Question 43: The Department is seeking information from hospital designers and hospital administrators that will help it determine how to ensure that accessible hospital rooms are dispersed throughout the facility in a way that will not unduly restrain the ability of hospital administrators to allocate space as needed. The proposed standards require that ten percent (10%) of the patient bedrooms in hospitals that do not specialize in treating conditions that affect mobility be accessible. If it is not feasible to distribute these rooms among each of the specialty areas, would it be appropriate to require the accessible rooms to be dispersed so that there are accessible patient rooms on each floor? Are there other methods of dispersal that would be more effective?

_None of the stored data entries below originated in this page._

(* Let $0<p\le1/2$ and consider $\{0,1\}^n$ with the measure $\mu_p$. If $f:\{0,1\}^n\to\mathbb{R}$ satisfies $\hat f(S)=0$ for all $|S|>d$, then for every $q\ge2$, \[ \|f\|_q\le\Big(\frac{1-p}{p\lfloor\log(1/p)\rfloor}\cdot(q-1)\Big)^{d/2}\|f\|_2. \]
   Context: $\mu_p$ is the product measure on $\{0,1\}^n$ with $\mu_p(x)=p^{\sum_i x_i}(1-p)^{n-\sum_i x_i}$, and $\|f\|_q=(\mathbb{E}_{\mu_p}|f|^q)^{1/q}$. Elements of $\{0,1\}^n$ are identified with subsets of $\{1,\dots,n\}$; for $S,T\subseteq\{1,\dots,n\}$, $u_S(T)=\big(-\sqrt{(1-p)/p}\big)^{|S\cap T|}\big(\sqrt{p/(1-p)}\big)^{|S\setminus T|}$. These form an orthonormal basis of $L^2(\mu_p)$ and $f=\sum_S\hat f(S)u_S$ with Fourier–Walsh coefficients $\hat f(S)=\mathbb{E}_{\mu_p}[fu_S]$. $\log$ is base 2. *)

theory Defs
  imports Complex_Main
begin

text \<open>Points of the cube {0,1}^n are identified with subsets of {1..n}.\<close>

definition mu_p :: "real \<Rightarrow> nat \<Rightarrow> nat set \<Rightarrow> real" where
  "mu_p p n T = p ^ card T * (1 - p) ^ (n - card T)"

definition expect_p :: "real \<Rightarrow> nat \<Rightarrow> (nat set \<Rightarrow> real) \<Rightarrow> real" where
  "expect_p p n g = (\<Sum>T \<in> Pow {1..n}. mu_p p n T * g T)"

definition walsh_u :: "real \<Rightarrow> nat set \<Rightarrow> nat set \<Rightarrow> real" where
  "walsh_u p S T = (- sqrt ((1 - p) / p)) ^ card (S \<inter> T) * (sqrt (p / (1 - p))) ^ card (S - T)"

definition fourier_coeff :: "real \<Rightarrow> nat \<Rightarrow> (nat set \<Rightarrow> real) \<Rightarrow> nat set \<Rightarrow> real" where
  "fourier_coeff p n f S = expect_p p n (\<lambda>T. f T * walsh_u p S T)"

definition qnorm_p :: "real \<Rightarrow> nat \<Rightarrow> real \<Rightarrow> (nat set \<Rightarrow> real) \<Rightarrow> real" where
  "qnorm_p p n q f = (expect_p p n (\<lambda>T. \<bar>f T\<bar> powr q)) powr (1 / q)"

end

theory Submission
  imports Defs "HOL-Analysis.Analysis"
begin

text \<open>Let \<open>k = \<lfloor>log (1/p)\<rfloor>\<close>. A \<open>p\<close>-biased bit can be realised inside \<open>k\<close> fair bits, and the
  Bonami--Gross two-point inequality bounds the \<open>q\<close>-th moments of sums of fair bits; by Jensen's
  inequality this gives \<open>(2,q)\<close>-hypercontractivity of the noise operator \<open>T\<^sub>\<rho>\<close> on one
  \<open>p\<close>-biased coordinate for \<open>\<rho>\<^sup>2 = k p / ((q - 1)(1 - p))\<close>. Minkowski's inequality tensorizes this
  to the whole cube, and a function of degree \<open>d\<close> is \<open>T\<^sub>\<rho> g\<close> with
  \<open>\<parallel>g\<parallel>\<^sub>2 \<le> \<rho>\<^bsup>-d\<^esup> \<parallel>f\<parallel>\<^sub>2\<close>.\<close>

lemma sum_Pow_atLeastAtMost_Suc:
  "(\<Sum>T\<in>Pow {1..Suc n}. h T) = (\<Sum>T\<in>Pow {1..n}. h T) + (\<Sum>T\<in>Pow {1..n}. h (insert (Suc n) T))"
proof -
  have inj: "inj_on (insert (Suc n)) (Pow {1..n})"
    by (rule inj_onI) (metis Diff_insert_absorb PowD atLeastAtMost_iff not_less_eq_eq order_refl subsetD)
  have "{1..Suc n} = insert (Suc n) {1..n}" by auto
  then have "(\<Sum>T\<in>Pow {1..Suc n}. h T) = (\<Sum>T\<in>Pow {1..n}. h T) + (\<Sum>T\<in>insert (Suc n) ` Pow {1..n}. h T)"
    by (simp only: Pow_insert) (intro sum.union_disjoint; auto)
  also have "(\<Sum>T\<in>insert (Suc n) ` Pow {1..n}. h T) = (\<Sum>T\<in>Pow {1..n}. h (insert (Suc n) T))"
    using sum.reindex[OF inj] by simp
  finally show ?thesis .
qed

lemma card_le_of_Pow_atLeastAtMost: "T \<in> Pow {1..n} \<Longrightarrow> card T \<le> n"
  using card_mono[of "{1..n}" T] by auto

lemma card_insert_Suc_of_Pow_atLeastAtMost:
  "T \<in> Pow {1..n} \<Longrightarrow> card (insert (Suc n) T) = Suc (card T)"
  by (subst card_insert_disjoint) (auto intro: finite_subset)

lemma mu_p_nonneg: "0 \<le> p \<Longrightarrow> p \<le> 1 \<Longrightarrow> 0 \<le> mu_p p n T"
  unfolding mu_p_def by simp

lemma mu_p_pos: "0 < p \<Longrightarrow> p < 1 \<Longrightarrow> 0 < mu_p p n T"
  unfolding mu_p_def by simp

Section 35.151(i) Curb Ramps (Section-by-Section Analysis)
The current § 35.151(e) on curb ramps has been redesignated as § 35.151(i). The Department has made a minor editorial change, deleting the phrase "other sloped areas" from the two places in which it appears in the current rule. The phrase "other sloped areas" lacks technical precision. Both the 1991 Standards and the proposed standards provide technical guidance for the installation of curb ramps.